Tips Knowledge

Libas Genangan Air, Ban Mobil Bisa Hilang Traksi

M. Bagus Rachmanto    •    Selasa, 24 Apr 2018 06:30 WIB
tips knowledge
Libas Genangan Air, Ban Mobil Bisa Hilang Traksi
Kondisi ban botak berbahaya terjang genagan air dengan kecepatan tinggi. Idriversafely

Jakarta: Pengendara mobil sebaiknya waspda dan berhati-hati saat melewati genangan air dengan kecepatan tinggi. Terlebih saat cuaca hujan, karena terbatasnya penglihatan serta kondisi jalan yang licin.

Mus Mulyadi Kepala Bengkel Autopit di daerah Kalimalang, Jakarta Timur menerangkan, saat ban mobil menerjang genangan air ada yang disebut efek aquaplaning. Kondisi ban mobil terangkat atau tidak menapak ke aspal saat melewati genangan air. Efeknya, ban mobil kehilangan traksi dan bikin laju kendaraan jadi tidak stabil.

Salah satu penyebabnya adalah kondisi ban yang sudah botak dan telah menyentuh batas akhir pemakaian (ITW), karena ban seperti ini sudah tidak bisa membuang air dengan sempurna.

Selain itu, ban mobil yang telah melebihi batas akhir pemakaian, di kecepatan 60 km per jam hanya mampu mengalirkan 4 liter air per detik, selebihnya tidak terbuang dan membuat ban berada di atas permukaan air.

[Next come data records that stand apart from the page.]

(* Let $\ell\ge1$ and $\kappa\ge1$ be integers. For each integer $1\le \nu\le \kappa$ and $u>1$, \[ \widetilde{K}_{\ell}^{(\nu)}(u,\kappa)=(\kappa)_{\nu}\,\widetilde{K}_{\ell}(u,\kappa-\nu)+\sum_{j=0}^{\nu-1}\sum_{m=0}^{\ell}\sum_{r=0}^{\ell-m}\frac{(-1)^{r}\Gamma(\kappa+1)}{m!\,(\ell-m-r)!}E_{\kappa-j,m}C_{r,0}\left(\log^{\ell-m-r}u\right)^{(\nu-j)}, \] where all derivatives are with respect to $u$.
   Context: For integers $\ell\ge1$, $\kappa\ge0$ and $u>1$, define \[ \widetilde{K}_{\ell}(u,\kappa):=\sum_{m=0}^{\ell}\sum_{n=m}^{\kappa}\sum_{r=0}^{\ell-m}\frac{(-1)^{r}\Gamma(\kappa+1)}{m!\,(\ell-m-r)!}E_{n,m}C_{r,\kappa-n}u^{\kappa-n}\log^{\ell-m-r}u, \] where the sum over $n$ is empty if $m>\kappa$; the constants $C_{r,\kappa}$ ($r,\kappa\ge0$) are defined by $\sum_{r\ge0}C_{r,\kappa}z^r=e^{\gamma z}/\Gamma(\kappa+1-z)$ with $\gamma$ Euler's constant; the constants $E_{n,m}$ ($n,m\ge0$) are defined by $\sum_{n\ge0}E_{n,m}z^n=\left(\int_0^z\frac{1-e^{-t}}{t}\,dt\right)^m$. $\widetilde{K}_{\ell}^{(\nu)}$ denotes the $\nu$-th derivative in $u$, $\left(\log^{k}u\right)^{(i)}$ denotes the $i$-th derivative in $u$ of $(\log u)^k$, and $(x)_{n}:=x(x-1)\cdots(x-n+1)$ is the falling factorial. *)

theory Defs
  imports "HOL-Analysis.Analysis"
begin

definition taylor_coeff :: "nat \<Rightarrow> (real \<Rightarrow> real) \<Rightarrow> real" where
  "taylor_coeff n f = (deriv ^^ n) f 0 / fact n"
(* Take c with least first upper coordinate; if c dominates the undominated box of the
   remaining ones, then c itself is undominated. *)
lemma undominated_box_exists:
  fixes lo hi :: "'x \<Rightarrow> 'a::linorder \<times> 'b::linorder"
  assumes "finite S" "S \<noteq> {}"
    and "\<forall>c\<in>S. lo c \<le> hi c"
    and "\<forall>c\<in>S. \<forall>d\<in>S. c \<noteq> d \<longrightarrow> \<not> (lo c \<le> hi d \<and> lo d \<le> hi c)"
  shows "\<exists>b\<in>S. \<forall>z\<in>S. z \<noteq> b \<longrightarrow> \<not> lo z \<le> hi b"
  using assms
proof (induction S rule: finite_remove_induct)
  case empty
  then show ?case by simp
next
  case (remove S)
  note nonempty = remove.prems(2) and disjoint = remove.prems(3)
  define c where "c = arg_min_on (fst \<circ> hi) S"
  have c: "c \<in> S"
    unfolding c_def using arg_min_if_finite(1) remove.hyps(1) remove.prems(1) by blast
  have c_min: "fst (hi c) \<le> fst (hi d)" if "d \<in> S" for d
    unfolding c_def using arg_min_least[OF remove.hyps(1) remove.prems(1) that, of "fst \<circ> hi"] by simp
  show ?case
  proof (cases "S - {c} = {}")
    case True
    then show ?thesis using c by auto
  next
    case False
    have "\<exists>b\<in>S - {c}. \<forall>z\<in>S - {c}. z \<noteq> b \<longrightarrow> \<not> lo z \<le> hi b"
      by (rule remove.IH[OF c False]) (use nonempty disjoint in blast)+
    then obtain b where b: "b \<in> S" "b \<noteq> c"
      and b_undom: "\<And>z. z \<in> S \<Longrightarrow> z \<noteq> c \<Longrightarrow> z \<noteq> b \<Longrightarrow> \<not> lo z \<le> hi b"
      by blast
    show ?thesis
    proof (cases "lo c \<le> hi b")
      case False
      then show ?thesis using b b_undom by blast
    next
      case c_dom_b: True
      have "\<not> lo z \<le> hi c" if z: "z \<in> S" "z \<noteq> c" for z
      proof
        assume z_dom_c: "lo z \<le> hi c"
        have "lo c \<le> hi c" "lo z \<le> hi z" using nonempty c z(1) by blast+
        have "fst (lo c) \<le> fst (hi z)"
          using \<open>lo c \<le> hi c\<close> c_min[OF z(1)] unfolding less_eq_prod_def by (meson order_trans)
        moreover have "\<not> lo c \<le> hi z"
          using disjoint z c z_dom_c by blast
        ultimately have "snd (hi z) < snd (lo c)"
          unfolding less_eq_prod_def by (meson not_le)
        then have "lo z \<le> hi b"
          using z_dom_c c_dom_b c_min[OF b(1)] \<open>lo z \<le> hi z\<close>
          unfolding less_eq_prod_def by (meson order_trans less_imp_le)
        moreover have "z \<noteq> b"
          using disjoint b c c_dom_b z_dom_c by blast
        ultimately show False
          using b_undom[OF z] by blast
      qed
      then show ?thesis using c by blast
    qed
  qed
qed
lemma P_depth_0:
  assumes "1 \<le> n"
  shows "P p n 0 1 = (if n = 1 \<and> p = 0 then 1 else 0)"
proof -
  have I: "CR_index n 0 = {}" by (simp add: CR_index_def)
  let ?Y = "\<lambda>i\<in>{1..n}. 0 :: nat"
  have "{(Y, R). is_CR n 0 1 Y R \<and> CR_size n 0 R = p} = (if n = 1 \<and> p = 0 then {(?Y, {})} else {})"
  proof (intro set_eqI iffI)
    fix z assume "z \<in> {(Y, R). is_CR n 0 1 Y R \<and> CR_size n 0 R = p}"
    then obtain Y R where z: "z = (Y, R)" "is_CR n 0 1 Y R" "CR_size n 0 R = p" by blast
    have Y: "Y \<in> {1..n} \<rightarrow>\<^sub>E {0..<1}" "\<forall>i\<in>{1..n}. \<forall>i'\<in>{1..n}. i < i' \<longrightarrow> Y i < Y i'"
      using z(2) unfolding is_CR_def Let_def by - (elim conjE, simp)+
    have "n = 1"
    proof (rule ccontr)
      assume "n \<noteq> 1"
      with assms have one: "1 \<in> {1..n}" and two: "2 \<in> {1..n}" by auto
      have "Y 1 < Y 2"
        using Y(2)[rule_format, OF one two] by simp
      moreover have "Y 1 \<in> {0..<1}" "Y 2 \<in> {0..<1}"
        using PiE_mem[OF Y(1) one] PiE_mem[OF Y(1) two] .
      ultimately show False by simp
    qed
    moreover have "Y = ?Y"
      using Y(1) by (auto simp: PiE_def extensional_def fun_eq_iff)
    moreover have "R = {}"
      using is_CR_total_preorder(1)[OF z(2)] I by auto
    moreover from this have "p = 0"
      using z(3) I by (simp add: CR_size_def)
    ultimately show "z \<in> (if n = 1 \<and> p = 0 then {(?Y, {})} else {})"
      using z(1) by simp
  next
    fix z :: "(nat \<Rightarrow> nat) \<times> ((nat \<times> nat) \<times> nat \<times> nat) set"
    assume "z \<in> (if n = 1 \<and> p = 0 then {(?Y, {})} else {})"
    then have "n = 1" "p = 0" "z = (?Y, {})" by (auto split: if_splits)
    moreover have "is_CR 1 0 1 (\<lambda>i\<in>{1..1}. 0) {}"
      unfolding is_CR_def Let_def by (simp add: CR_index_def refl_on_def total_on_def)
    moreover have "CR_size 1 0 {} = 0" by (simp add: CR_size_def CR_index_def)
    ultimately show "z \<in> {(Y, R). is_CR n 0 1 Y R \<and> CR_size n 0 R = p}" by simp
  qed
  then show ?thesis unfolding P_def by simp
qed
(* For $n\ge1$ let $M_n\in\mathbb R^{n\times n}$ be the matrix with entries $(M_n)_{ij}=(i-j)^2$. Then $\operatorname{st}_+(M_n)\le\lceil n/2\rceil+2$.
   Context: The SNT-rank $\operatorname{st}_+(A)$ of a symmetric entrywise nonnegative $n\times n$ matrix $A$ is the minimal $k$ such that $A=BCB^T$ with $B$ an entrywise nonnegative $n\times k$ matrix and $C$ a symmetric entrywise nonnegative $k\times k$ matrix. *)

theory Defs
  imports Complex_Main
begin

text \<open>An n x n real matrix is represented as a function nat => nat => real;
  only entries with indices < n are relevant. Indices are 0-based.\<close>

definition snt_factorization :: "nat \<Rightarrow> (nat \<Rightarrow> nat \<Rightarrow> real) \<Rightarrow> nat \<Rightarrow> bool" where
  "snt_factorization n A k \<longleftrightarrow>
     (\<exists>B C :: nat \<Rightarrow> nat \<Rightarrow> real.
        (\<forall>i<n. \<forall>a<k. 0 \<le> B i a) \<and>
        (\<forall>a<k. \<forall>b<k. 0 \<le> C a b \<and> C a b = C b a) \<and>
        (\<forall>i<n. \<forall>j<n. A i j = (\<Sum>a<k. \<Sum>b<k. B i a * C a b * B j b)))"

definition snt_rank :: "nat \<Rightarrow> (nat \<Rightarrow> nat \<Rightarrow> real) \<Rightarrow> nat" where
  "snt_rank n A = (LEAST k. snt_factorization n A k)"

end

theory Submission
  imports Defs
begin

text \<open>Put \<open>c = (n - 1)/2\<close>. For \<open>x, y\<close> on the same side of \<open>c\<close> we have
  \<open>(x - y)\<^sup>2 = (\<bar>x - c\<bar> - \<bar>y - c\<bar>)\<^sup>2\<close>, and on opposite sides the extra term
  \<open>4 \<bar>x - c\<bar> \<bar>y - c\<bar>\<close> appears. The first summand depends on \<open>i\<close> only through the folded
  index \<open>min i (n - 1 - i)\<close>, which takes \<open>\<lceil>n/2\<rceil>\<close> values, so it is the pullback of a
  \<open>\<lceil>n/2\<rceil> \<times> \<lceil>n/2\<rceil>\<close> nonnegative symmetric matrix and has SNT-rank at most \<open>\<lceil>n/2\<rceil>\<close>.
  The cross term is \<open>y z\<^sup>T + z y\<^sup>T\<close> for the nonnegative vectors \<open>y = 2 (c - i)\<^sub>+\<close> and
  \<open>z = 2 (i - c)\<^sub>+\<close>, of SNT-rank at most 2, and SNT-rank is subadditive.\<close>

lemma snt_rank_le: "snt_factorization n A k \<Longrightarrow> snt_rank n A \<le> k"
  unfolding snt_rank_def by (rule Least_le)

lemma snt_factorization_cong:
  assumes "\<And>i j. i < n \<Longrightarrow> j < n \<Longrightarrow> A i j = A' i j"
  shows "snt_factorization n A k \<longleftrightarrow> snt_factorization n A' k"
  using assms unfolding snt_factorization_def by simp

lemma sum_lessThan_add_split:
  "(\<Sum>a<k + l. f a) = (\<Sum>a<k. f a) + (\<Sum>a<l. f (a + k))" for f :: "nat \<Rightarrow> 'a::comm_monoid_add"
  using sum.atLeastLessThan_concat[of 0 k "k + l" f] sum.shift_bounds_nat_ivl[of f 0 k l]
  by (simp add: atLeast0LessThan add.commute)

lemma sum_indicator_mult:
  "p < (k::nat) \<Longrightarrow> (\<Sum>a<k. (if a = p then 1 else 0) * f a) = (f p :: 'a::semiring_1)"
  by (simp add: if_distrib[where f="\<lambda>c. c * _"] cong: if_cong)

lemma snt_factorization_add:
  assumes "snt_factorization n A k" and "snt_factorization n A' l"
  shows "snt_factorization n (\<lambda>i j. A i j + A' i j) (k + l)"
proof -
  obtain B C where B: "\<forall>i<n. \<forall>a<k. 0 \<le> B i a"
    and C: "\<forall>a<k. \<forall>b<k. 0 \<le> C a b \<and> C a b = C b a"
    and A: "\<forall>i<n. \<forall>j<n. A i j = (\<Sum>a<k. \<Sum>b<k. B i a * C a b * B j b)"
    using assms(1) unfolding snt_factorization_def by blast
  obtain B' C' where B': "\<forall>i<n. \<forall>a<l. 0 \<le> B' i a"
    and C': "\<forall>a<l. \<forall>b<l. 0 \<le> C' a b \<and> C' a b = C' b a"
    and A': "\<forall>i<n. \<forall>j<n. A' i j = (\<Sum>a<l. \<Sum>b<l. B' i a * C' a b * B' j b)"
    using assms(2) unfolding snt_factorization_def by blast
  define B\<^sub>0 where "B\<^sub>0 i a = (if a < k then B i a else B' i (a - k))" for i a
  define C\<^sub>0 where "C\<^sub>0 a b = (if a < k \<and> b < k then C a b
      else if k \<le> a \<and> k \<le> b then C' (a - k) (b - k) else 0)" for a b
  have "(\<Sum>a<k + l. \<Sum>b<k + l. B\<^sub>0 i a * C\<^sub>0 a b * B\<^sub>0 j b)
      = (\<Sum>a<k. \<Sum>b<k. B i a * C a b * B j b) + (\<Sum>a<l. \<Sum>b<l. B' i a * C' a b * B' j b)"
    for i j
    by (simp add: sum_lessThan_add_split B\<^sub>0_def C\<^sub>0_def)
  then have "\<forall>i<n. \<forall>j<n. A i j + A' i j
      = (\<Sum>a<k + l. \<Sum>b<k + l. B\<^sub>0 i a * C\<^sub>0 a b * B\<^sub>0 j b)"
    using A A' by simp
  moreover have "\<forall>i<n. \<forall>a<k + l. 0 \<le> B\<^sub>0 i a"
    using B B' by (simp add: B\<^sub>0_def)
  moreover have "\<forall>a<k + l. \<forall>b<k + l. 0 \<le> C\<^sub>0 a b \<and> C\<^sub>0 a b = C\<^sub>0 b a"
    using C C' by (auto simp: C\<^sub>0_def)
  ultimately show ?thesis
    unfolding snt_factorization_def by blast
qed

lemma snt_factorization_pullback:
  assumes p: "\<And>i. i < n \<Longrightarrow> p i < m"
    and D: "\<And>a b. a < m \<Longrightarrow> b < m \<Longrightarrow> 0 \<le> D a b \<and> D a b = D b a"
  shows "snt_factorization n (\<lambda>i j. D (p i) (p j)) m"
proof -
  define B where "B i a = (if a = p i then 1 else 0 :: real)" for i a
  have "(\<Sum>a<m. \<Sum>b<m. B i a * D a b * B j b) = D (p i) (p j)" if "i < n" "j < n" for i j
    using p[OF that(1)] p[OF that(2)]
    by (simp add: B_def sum_indicator_mult mult.commute[of _ "if _ then _ else _"]
        flip: sum_distrib_left)
  then have "\<forall>i<n. \<forall>j<n. D (p i) (p j) = (\<Sum>a<m. \<Sum>b<m. B i a * D a b * B j b)"
    by simp
  moreover have "\<forall>i<n. \<forall>a<m. 0 \<le> B i a"
    by (simp add: B_def)
  moreover have "\<forall>a<m. \<forall>b<m. 0 \<le> D a b \<and> D a b = D b a"
    using D by blast
  ultimately show ?thesis
    unfolding snt_factorization_def by blast
qed

lemma snt_factorization_sym_outer_product:
  assumes "\<And>i. i < n \<Longrightarrow> 0 \<le> y i" and "\<And>i. i < n \<Longrightarrow> 0 \<le> z i"
  shows "snt_factorization n (\<lambda>i j. y i * z j + z i * y j) 2"
proof -
  define B where "B i a = (if a = 0 then y i else z i)" for i a :: nat
  define C where "C a b = (if a = b then 0 else 1 :: real)" for a b :: nat
  have "\<forall>i<n. \<forall>j<n. y i * z j + z i * y j = (\<Sum>a<2. \<Sum>b<2. B i a * C a b * B j b)"
    by (simp add: numeral_2_eq_2 B_def C_def)
  moreover have "\<forall>i<n. \<forall>a<2. 0 \<le> B i a"
    using assms by (simp add: B_def)
  moreover have "\<forall>a<2. \<forall>b<2. 0 \<le> C a b \<and> C a b = C b a"
    by (simp add: C_def)
  ultimately show ?thesis
    unfolding snt_factorization_def by blast
qed

lemma square_diff_eq_fold_about:
  fixes x y c :: real
  shows "(x - y)\<^sup>2 = (\<bar>x - c\<bar> - \<bar>y - c\<bar>)\<^sup>2
    + (2 * max (c - x) 0) * (2 * max (y - c) 0) + (2 * max (x - c) 0) * (2 * max (c - y) 0)"
  by (auto simp: abs_if max_def power2_eq_square algebra_simps)

lemma min_fold_less_ceiling_half:
  assumes "i < n"
  shows "min i (n - 1 - i) < nat \<lceil>real n / 2\<rceil>"
proof -
  have "2 * min i (n - 1 - i) < n"
    using assms by linarith
  then show ?thesis
    by linarith
qed

lemma abs_diff_centre_eq_fold:
  "i < n \<Longrightarrow> \<bar>real i - (real n - 1) / 2\<bar> = (real n - 1) / 2 - real (min i (n - 1 - i))"
  by (auto simp: min_def of_nat_diff field_simps)

theorem mainTheorem9:
  fixes n :: nat
  assumes "n \<ge> 1"
  shows "snt_rank n (\<lambda>i j. (real i - real j)^2) \<le> nat \<lceil>real n / 2\<rceil> + 2"
proof -
  define c where "c = (real n - 1) / 2"
  define folded where "folded i = min i (n - 1 - i)" for i
  define y where "y i = 2 * max (c - real i) 0" for i
  define z where "z i = 2 * max (real i - c) 0" for i
  have decomposition: "(real i - real j)\<^sup>2
      = (real (folded i) - real (folded j))\<^sup>2 + (y i * z j + z i * y j)" if "i < n" "j < n" for i j
  proof -
    have "(real (folded i) - real (folded j))\<^sup>2 = (\<bar>real i - c\<bar> - \<bar>real j - c\<bar>)\<^sup>2"
      using that by (simp add: folded_def c_def abs_diff_centre_eq_fold power2_commute)
    then show ?thesis
      using square_diff_eq_fold_about[of "real i" "real j" c] by (simp add: y_def z_def)
  qed
  have "snt_factorization n (\<lambda>i j. (real (folded i) - real (folded j))\<^sup>2) (nat \<lceil>real n / 2\<rceil>)"
    using min_fold_less_ceiling_half unfolding folded_def
    by (intro snt_factorization_pullback) (simp_all add: power2_commute)
  moreover have "snt_factorization n (\<lambda>i j. y i * z j + z i * y j) 2"
    by (rule snt_factorization_sym_outer_product) (simp_all add: y_def z_def)
  ultimately have "snt_factorization n
      (\<lambda>i j. (real (folded i) - real (folded j))\<^sup>2 + (y i * z j + z i * y j)) (nat \<lceil>real n / 2\<rceil> + 2)"
    by (rule snt_factorization_add)
  then have "snt_factorization n (\<lambda>i j. (real i - real j)\<^sup>2) (nat \<lceil>real n / 2\<rceil> + 2)"
    using snt_factorization_cong[of n "\<lambda>i j. (real i - real j)\<^sup>2"] decomposition by simp
  then show ?thesis
    by (rule snt_rank_le)
qed

end
lemma phi_hat_eq_root_power:
  fixes a b :: real and D :: "nat \<Rightarrow> real \<Rightarrow> real" and r :: nat
  defines "s \<equiv> if \<forall>x\<in>{a..b}. 0 < D (Suc r) x then 1 else -1 :: real"
  assumes ab: "a < b" and g: "hderivs a b g D" and u: "hderivs a b u Du"
    and root: "\<forall>x\<in>{a..b}. u x ^ Suc r = s * g x" and upos: "\<forall>x\<in>{a<..b}. 0 < u x"
    and x: "x \<in> {a..b}"
  shows "phi_hat a b g D r k x = s * (real r + 1) * Du 1 x * u x ^ k"
proof -
  define e where "e = (real k - real r) / (real r + 1)"
  define F where "F x = D 1 x * (s * g x) powr e" for x
  have D1: "D 1 x = s * (real r + 1) * u x ^ r * Du 1 x" if x: "x \<in> {a..b}" for x
  proof -
    have "((\<lambda>x. u x ^ Suc r) has_real_derivative (1 + real r) * (Du 1 x * u x ^ r)) (at x within {a..b})"
      by (rule DERIV_power_Suc[OF hderivs_has_real_derivative[OF u x]])
    then have "((\<lambda>x. s * g x) has_real_derivative (1 + real r) * (Du 1 x * u x ^ r)) (at x within {a..b})"
      by (rule has_field_derivative_transform_within[OF _ zero_less_one x]) (use root in blast)
    then have "s * D 1 x = (1 + real r) * (Du 1 x * u x ^ r)"
      by (rule hderivs_one_eq[OF ab hderivs_cmult[OF g] x])
    moreover have "s * s = 1" by (simp add: s_def)
    ultimately have "D 1 x = s * ((1 + real r) * (Du 1 x * u x ^ r))"
      by (metis mult.assoc mult_1)
    then show ?thesis by (simp add: algebra_simps)
  qed
  have "F x = s * (real r + 1) * Du 1 x * u x ^ k" if x: "x \<in> {a<..b}" for x
  proof -
    have xI: "x \<in> {a..b}" using x by simp
    have "s * g x = u x ^ Suc r" using root xI by simp
    then have "F x = s * (real r + 1) * u x ^ r * Du 1 x * (u x ^ Suc r) powr e"
      by (simp only: F_def D1[OF xI])
    also have "\<dots> = s * (real r + 1) * Du 1 x * (u x ^ r * (u x ^ Suc r) powr e)"
      by (simp only: mult_ac)
    also have "u x ^ r * (u x ^ Suc r) powr e = u x ^ k"
      unfolding e_def by (rule power_mult_power_Suc_powr) (use upos x in simp)
    finally show ?thesis .
  qed
  moreover have "continuous_on {a..b} (\<lambda>x. s * (real r + 1) * Du 1 x * u x ^ k)"
    using continuous_on_hderivs[OF u] continuous_on_hderivs_fun[OF u]
    by (intro continuous_intros) auto
  ultimately have "(if x = a then Lim (at_right a) F else F x) = s * (real r + 1) * Du 1 x * u x ^ k"
    by (intro Lim_at_right_extension_eq[OF ab _ _ x]) auto
  moreover have "phi_hat a b g D r k x = (if x = a then Lim (at_right a) F else F x)"
    unfolding phi_hat_def Let_def F_def e_def s_def by simp
  ultimately show ?thesis by simp
qed

section \<open>Extended Chebyshev spaces of weighted powers\<close>

lemma poly_eq_0_if_comp_vanishes:
  fixes p :: "'a::idom poly"
  assumes "inj_on u S" "infinite S" "\<forall>x\<in>S. poly p (u x) = 0"
  shows "p = 0"
proof (rule ccontr)
  assume "p \<noteq> 0"
  then have "finite {y. poly p y = 0}" by (rule poly_roots_finite)
  then have "finite (u ` S)" by (rule finite_subset[rotated]) (use assms(3) in auto)
  then show False using assms(1,2) finite_imageD by blast
qed

lemma sum_zero_mult_poly_comp_le_degree:
  fixes a b :: real
  assumes "a < b" "hderivs a b u Du" "\<forall>x\<in>{a..b}. 0 < Du 1 x" "p \<noteq> 0" "finite Z"
    and zeros: "\<forall>z\<in>Z. zero_of_mult a b (\<lambda>x. poly p (u x)) z (m z)"
  shows "sum m Z \<le> degree p"
proof -
  let ?R = "{y. poly p y = 0}"
  have Z: "Z \<subseteq> {a..b}" using zeros unfolding zero_of_mult_def by blast
  have "strict_mono_on {a..b} u"
    using assms(2,3) by (intro strict_mono_on_Icc_if_deriv_pos) (auto intro: hderivs_has_real_derivative)
  then have inj: "inj_on u Z" using Z strict_mono_on_imp_inj_on inj_on_subset by blast
  have "sum m Z \<le> (\<Sum>z\<in>Z. order (u z) p)"
    using zeros zero_of_mult_poly_comp_le_order[OF assms(1-4)] by (intro sum_mono) blast
  also have "\<dots> = (\<Sum>y\<in>u ` Z. order y p)" by (simp add: sum.reindex[OF inj])
  also have "\<dots> = (\<Sum>y\<in>u ` Z \<inter> ?R. order y p)"
    using assms(4) by (intro sum.mono_neutral_right) (auto simp: assms(5) order_root)
  also have "\<dots> \<le> (\<Sum>y\<in>?R. order y p)"
    using poly_roots_finite[OF assms(4)] by (intro sum_mono2) auto
  also have "\<dots> \<le> degree p" by (rule sum_order_le_degree[OF assms(4)])
  finally show ?thesis .
qed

Kondisi seperti ini bisa mengakibatkan mobil tidak bisa dikendalikan bahkan hilang kendali, apalagi pada saat pengereman dan pindah jalur. Marcell Kurniawan, Training Director The Real Driving Center, pun menyarankan untuk menjaga kecepatan saat berkendara. Sebaiknya mengikuti batas minimum kecepatan, atau lebih memperlambat kendaraanya.

Penting untuk menyesuaikan kecepatan mobil dengan kondisi ban yang Anda gunakan, terutama saat jalan basah dan banyak genangan air. Agar bisa mengantisipasi dan mengurangi resiko kecelakaan.